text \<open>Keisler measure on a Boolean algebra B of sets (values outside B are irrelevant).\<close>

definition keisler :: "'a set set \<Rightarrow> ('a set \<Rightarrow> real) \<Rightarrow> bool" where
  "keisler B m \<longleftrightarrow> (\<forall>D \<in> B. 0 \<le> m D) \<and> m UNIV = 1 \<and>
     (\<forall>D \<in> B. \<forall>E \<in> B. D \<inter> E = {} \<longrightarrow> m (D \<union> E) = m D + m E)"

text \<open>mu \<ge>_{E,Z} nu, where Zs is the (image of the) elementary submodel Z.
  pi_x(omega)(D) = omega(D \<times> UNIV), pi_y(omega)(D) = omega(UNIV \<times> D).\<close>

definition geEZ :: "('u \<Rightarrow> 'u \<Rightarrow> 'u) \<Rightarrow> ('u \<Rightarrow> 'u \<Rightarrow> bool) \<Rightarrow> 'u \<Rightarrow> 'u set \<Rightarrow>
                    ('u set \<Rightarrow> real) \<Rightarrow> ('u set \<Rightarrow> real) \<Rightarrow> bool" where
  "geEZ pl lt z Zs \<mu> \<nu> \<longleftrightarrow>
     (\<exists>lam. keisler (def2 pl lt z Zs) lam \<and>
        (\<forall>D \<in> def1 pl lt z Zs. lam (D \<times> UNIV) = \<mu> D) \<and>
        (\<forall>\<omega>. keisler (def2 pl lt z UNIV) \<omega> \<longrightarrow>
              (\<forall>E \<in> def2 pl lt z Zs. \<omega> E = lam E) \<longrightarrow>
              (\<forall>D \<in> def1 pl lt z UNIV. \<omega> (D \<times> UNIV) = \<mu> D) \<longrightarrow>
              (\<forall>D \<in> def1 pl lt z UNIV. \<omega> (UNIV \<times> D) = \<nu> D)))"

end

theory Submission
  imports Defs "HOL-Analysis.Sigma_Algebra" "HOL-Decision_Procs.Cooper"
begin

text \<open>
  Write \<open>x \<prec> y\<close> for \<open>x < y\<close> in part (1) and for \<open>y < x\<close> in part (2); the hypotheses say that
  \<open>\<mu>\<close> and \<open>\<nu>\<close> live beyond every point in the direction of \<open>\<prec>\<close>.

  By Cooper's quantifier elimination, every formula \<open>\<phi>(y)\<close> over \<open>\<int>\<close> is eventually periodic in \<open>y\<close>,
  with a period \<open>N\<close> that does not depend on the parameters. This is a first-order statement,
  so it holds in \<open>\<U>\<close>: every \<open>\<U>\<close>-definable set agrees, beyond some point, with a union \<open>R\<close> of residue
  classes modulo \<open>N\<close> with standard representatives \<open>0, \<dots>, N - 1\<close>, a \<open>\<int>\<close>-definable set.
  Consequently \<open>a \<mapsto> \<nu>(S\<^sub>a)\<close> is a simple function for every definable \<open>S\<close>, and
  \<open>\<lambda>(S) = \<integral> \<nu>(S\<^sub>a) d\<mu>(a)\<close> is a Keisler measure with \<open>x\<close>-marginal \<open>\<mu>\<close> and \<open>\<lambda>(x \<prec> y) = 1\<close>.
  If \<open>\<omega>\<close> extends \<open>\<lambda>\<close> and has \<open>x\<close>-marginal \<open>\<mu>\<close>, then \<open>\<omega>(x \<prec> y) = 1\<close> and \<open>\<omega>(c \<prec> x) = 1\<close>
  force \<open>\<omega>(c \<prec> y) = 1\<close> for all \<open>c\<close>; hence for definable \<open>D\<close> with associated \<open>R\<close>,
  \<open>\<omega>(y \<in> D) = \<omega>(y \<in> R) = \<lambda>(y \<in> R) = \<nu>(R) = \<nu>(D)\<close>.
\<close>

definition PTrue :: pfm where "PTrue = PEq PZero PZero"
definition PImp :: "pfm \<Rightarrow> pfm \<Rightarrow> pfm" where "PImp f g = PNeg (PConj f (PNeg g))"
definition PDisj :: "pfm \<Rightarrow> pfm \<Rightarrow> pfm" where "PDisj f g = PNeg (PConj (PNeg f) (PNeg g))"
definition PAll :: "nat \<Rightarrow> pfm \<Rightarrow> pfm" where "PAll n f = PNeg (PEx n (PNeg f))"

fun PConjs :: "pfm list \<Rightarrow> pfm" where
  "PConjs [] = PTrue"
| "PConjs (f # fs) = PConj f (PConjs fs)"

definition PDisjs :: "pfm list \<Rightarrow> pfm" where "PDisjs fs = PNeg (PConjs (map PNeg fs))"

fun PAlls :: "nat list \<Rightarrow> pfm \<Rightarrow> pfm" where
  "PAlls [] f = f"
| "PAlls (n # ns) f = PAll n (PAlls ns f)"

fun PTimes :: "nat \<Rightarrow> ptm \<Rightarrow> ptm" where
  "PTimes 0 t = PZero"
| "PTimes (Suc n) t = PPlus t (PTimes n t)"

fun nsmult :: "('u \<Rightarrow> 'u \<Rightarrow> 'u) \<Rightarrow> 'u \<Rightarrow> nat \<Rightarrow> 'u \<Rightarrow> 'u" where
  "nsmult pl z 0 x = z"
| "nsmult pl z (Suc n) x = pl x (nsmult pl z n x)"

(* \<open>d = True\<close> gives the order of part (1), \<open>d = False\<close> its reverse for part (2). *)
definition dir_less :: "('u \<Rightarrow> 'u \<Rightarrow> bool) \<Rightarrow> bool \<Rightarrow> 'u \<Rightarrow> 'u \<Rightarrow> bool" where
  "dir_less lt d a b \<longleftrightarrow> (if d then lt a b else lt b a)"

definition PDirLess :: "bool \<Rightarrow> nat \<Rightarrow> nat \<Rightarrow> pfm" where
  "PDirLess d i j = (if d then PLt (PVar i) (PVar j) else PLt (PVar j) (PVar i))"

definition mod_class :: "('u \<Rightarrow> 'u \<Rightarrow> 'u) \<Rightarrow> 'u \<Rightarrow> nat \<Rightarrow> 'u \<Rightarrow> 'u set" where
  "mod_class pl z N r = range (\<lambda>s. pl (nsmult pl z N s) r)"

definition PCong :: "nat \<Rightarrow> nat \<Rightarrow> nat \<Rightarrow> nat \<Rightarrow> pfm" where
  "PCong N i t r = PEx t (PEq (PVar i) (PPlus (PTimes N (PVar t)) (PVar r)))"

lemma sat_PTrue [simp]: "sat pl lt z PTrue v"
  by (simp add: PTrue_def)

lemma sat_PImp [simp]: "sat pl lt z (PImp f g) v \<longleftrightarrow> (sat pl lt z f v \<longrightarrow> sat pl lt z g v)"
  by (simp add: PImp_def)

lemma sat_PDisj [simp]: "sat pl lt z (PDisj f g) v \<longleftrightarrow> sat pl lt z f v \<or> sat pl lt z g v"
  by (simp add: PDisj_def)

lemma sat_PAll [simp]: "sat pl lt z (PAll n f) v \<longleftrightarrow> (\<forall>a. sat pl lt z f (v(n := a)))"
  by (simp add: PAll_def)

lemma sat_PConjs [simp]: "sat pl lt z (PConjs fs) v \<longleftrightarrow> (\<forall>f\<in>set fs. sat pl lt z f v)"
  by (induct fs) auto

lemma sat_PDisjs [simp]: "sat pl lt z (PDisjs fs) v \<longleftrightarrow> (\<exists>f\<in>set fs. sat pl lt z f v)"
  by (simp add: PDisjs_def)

:::

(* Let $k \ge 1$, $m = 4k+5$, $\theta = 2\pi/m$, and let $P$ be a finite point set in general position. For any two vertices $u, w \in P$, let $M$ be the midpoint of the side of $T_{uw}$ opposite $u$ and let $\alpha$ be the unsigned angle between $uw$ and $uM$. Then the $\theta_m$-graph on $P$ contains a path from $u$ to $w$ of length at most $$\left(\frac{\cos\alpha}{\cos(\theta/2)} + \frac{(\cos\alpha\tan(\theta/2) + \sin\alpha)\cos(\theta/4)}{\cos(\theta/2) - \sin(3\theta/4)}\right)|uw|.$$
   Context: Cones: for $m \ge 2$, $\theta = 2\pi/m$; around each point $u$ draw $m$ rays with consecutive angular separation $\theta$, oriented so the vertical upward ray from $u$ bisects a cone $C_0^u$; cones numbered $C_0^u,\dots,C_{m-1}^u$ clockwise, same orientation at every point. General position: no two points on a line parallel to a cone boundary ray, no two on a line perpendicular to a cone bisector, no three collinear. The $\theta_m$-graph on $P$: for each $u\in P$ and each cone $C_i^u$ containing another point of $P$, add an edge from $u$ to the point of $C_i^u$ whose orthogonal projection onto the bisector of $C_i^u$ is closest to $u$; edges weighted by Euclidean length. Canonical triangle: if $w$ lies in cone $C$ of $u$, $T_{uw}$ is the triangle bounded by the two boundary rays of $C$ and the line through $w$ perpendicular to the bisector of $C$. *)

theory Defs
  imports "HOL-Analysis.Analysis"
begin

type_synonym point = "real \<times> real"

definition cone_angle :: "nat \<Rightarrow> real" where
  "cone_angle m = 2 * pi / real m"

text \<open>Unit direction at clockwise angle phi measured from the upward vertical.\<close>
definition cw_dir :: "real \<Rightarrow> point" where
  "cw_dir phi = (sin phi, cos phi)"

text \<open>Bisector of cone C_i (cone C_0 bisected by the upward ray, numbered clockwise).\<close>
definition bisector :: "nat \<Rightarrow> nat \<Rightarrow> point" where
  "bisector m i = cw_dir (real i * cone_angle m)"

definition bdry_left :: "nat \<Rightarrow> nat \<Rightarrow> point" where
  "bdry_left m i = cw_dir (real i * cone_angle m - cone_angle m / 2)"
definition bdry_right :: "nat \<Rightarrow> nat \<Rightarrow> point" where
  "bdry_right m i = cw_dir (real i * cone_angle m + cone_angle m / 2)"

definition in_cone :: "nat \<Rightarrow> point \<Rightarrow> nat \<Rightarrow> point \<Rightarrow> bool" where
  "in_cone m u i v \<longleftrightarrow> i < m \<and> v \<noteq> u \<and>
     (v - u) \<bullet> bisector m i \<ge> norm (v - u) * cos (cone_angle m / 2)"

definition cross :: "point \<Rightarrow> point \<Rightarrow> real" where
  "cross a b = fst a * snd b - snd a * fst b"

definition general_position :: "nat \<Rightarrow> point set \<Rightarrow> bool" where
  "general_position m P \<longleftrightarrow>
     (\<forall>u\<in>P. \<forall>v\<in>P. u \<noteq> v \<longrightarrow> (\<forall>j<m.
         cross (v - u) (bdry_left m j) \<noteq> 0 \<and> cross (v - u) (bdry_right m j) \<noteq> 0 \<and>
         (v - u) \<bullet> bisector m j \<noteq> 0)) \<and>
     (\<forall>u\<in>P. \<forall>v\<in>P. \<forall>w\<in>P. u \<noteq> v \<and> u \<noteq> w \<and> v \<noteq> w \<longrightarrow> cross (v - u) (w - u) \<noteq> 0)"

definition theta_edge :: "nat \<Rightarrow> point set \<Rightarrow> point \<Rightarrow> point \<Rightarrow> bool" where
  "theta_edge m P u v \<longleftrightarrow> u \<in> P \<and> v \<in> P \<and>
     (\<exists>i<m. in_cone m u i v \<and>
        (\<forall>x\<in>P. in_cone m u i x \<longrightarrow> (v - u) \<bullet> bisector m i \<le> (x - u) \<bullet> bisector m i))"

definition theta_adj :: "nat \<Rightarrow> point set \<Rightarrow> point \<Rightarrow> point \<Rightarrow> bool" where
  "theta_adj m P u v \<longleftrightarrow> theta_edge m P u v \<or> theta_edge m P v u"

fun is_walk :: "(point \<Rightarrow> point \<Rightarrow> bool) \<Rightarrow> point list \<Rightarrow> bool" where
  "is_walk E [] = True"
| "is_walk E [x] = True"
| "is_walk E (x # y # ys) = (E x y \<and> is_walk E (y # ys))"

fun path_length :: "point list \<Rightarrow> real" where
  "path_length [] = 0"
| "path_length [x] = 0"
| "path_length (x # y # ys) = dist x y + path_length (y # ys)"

:::

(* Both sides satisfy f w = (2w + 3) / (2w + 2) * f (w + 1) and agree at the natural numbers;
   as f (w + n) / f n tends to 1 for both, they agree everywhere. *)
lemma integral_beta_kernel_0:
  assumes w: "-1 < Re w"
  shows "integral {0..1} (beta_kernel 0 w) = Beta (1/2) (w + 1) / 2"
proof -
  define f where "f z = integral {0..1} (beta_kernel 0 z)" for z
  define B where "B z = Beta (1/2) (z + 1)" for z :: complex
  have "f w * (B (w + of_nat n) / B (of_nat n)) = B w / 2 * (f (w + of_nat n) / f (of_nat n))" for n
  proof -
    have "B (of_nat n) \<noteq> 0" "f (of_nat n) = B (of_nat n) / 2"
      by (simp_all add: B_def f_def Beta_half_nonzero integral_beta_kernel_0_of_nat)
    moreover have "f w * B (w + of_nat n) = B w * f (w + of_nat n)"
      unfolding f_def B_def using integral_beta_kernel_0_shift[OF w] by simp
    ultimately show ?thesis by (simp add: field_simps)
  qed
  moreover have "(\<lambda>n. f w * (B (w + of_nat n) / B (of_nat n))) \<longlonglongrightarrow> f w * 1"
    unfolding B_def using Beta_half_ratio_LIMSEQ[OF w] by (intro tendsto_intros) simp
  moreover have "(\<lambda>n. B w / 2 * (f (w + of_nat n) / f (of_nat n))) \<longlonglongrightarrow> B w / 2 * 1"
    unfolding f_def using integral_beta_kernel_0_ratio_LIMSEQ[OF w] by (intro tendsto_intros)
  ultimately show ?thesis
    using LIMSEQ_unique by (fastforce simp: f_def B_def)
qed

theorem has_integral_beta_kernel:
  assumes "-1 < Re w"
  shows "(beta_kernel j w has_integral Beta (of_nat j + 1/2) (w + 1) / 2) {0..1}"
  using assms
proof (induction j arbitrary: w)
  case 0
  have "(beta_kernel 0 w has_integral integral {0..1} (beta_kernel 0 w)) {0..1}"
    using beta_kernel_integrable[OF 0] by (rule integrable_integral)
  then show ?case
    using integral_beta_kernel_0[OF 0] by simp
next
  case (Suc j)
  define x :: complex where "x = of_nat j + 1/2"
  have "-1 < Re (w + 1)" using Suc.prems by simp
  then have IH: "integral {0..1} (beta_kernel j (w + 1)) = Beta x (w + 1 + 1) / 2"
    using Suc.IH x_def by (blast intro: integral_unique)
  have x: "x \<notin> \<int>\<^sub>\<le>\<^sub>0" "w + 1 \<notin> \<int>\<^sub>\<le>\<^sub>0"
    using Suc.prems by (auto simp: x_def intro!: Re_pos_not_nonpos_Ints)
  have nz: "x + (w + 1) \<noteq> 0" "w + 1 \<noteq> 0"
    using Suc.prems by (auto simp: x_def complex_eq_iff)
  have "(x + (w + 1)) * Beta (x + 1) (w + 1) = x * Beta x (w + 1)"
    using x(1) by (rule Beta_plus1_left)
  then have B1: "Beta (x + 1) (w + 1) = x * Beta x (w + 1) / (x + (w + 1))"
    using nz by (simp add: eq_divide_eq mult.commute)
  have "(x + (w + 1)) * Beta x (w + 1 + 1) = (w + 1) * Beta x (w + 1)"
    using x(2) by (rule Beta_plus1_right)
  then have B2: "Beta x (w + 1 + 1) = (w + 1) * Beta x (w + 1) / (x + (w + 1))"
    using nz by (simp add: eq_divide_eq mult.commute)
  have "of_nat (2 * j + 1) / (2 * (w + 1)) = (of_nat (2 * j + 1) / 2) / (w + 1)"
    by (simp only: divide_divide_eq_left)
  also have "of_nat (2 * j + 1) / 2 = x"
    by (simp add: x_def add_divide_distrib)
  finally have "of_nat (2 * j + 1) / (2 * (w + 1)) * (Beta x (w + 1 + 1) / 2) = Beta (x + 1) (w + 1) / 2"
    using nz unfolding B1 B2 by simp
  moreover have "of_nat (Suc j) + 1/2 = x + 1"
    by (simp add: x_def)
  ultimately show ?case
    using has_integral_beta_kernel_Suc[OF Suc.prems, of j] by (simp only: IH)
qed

:::

When a line in the records contains the string "part", it counts; state how many lines count, with no other words.

2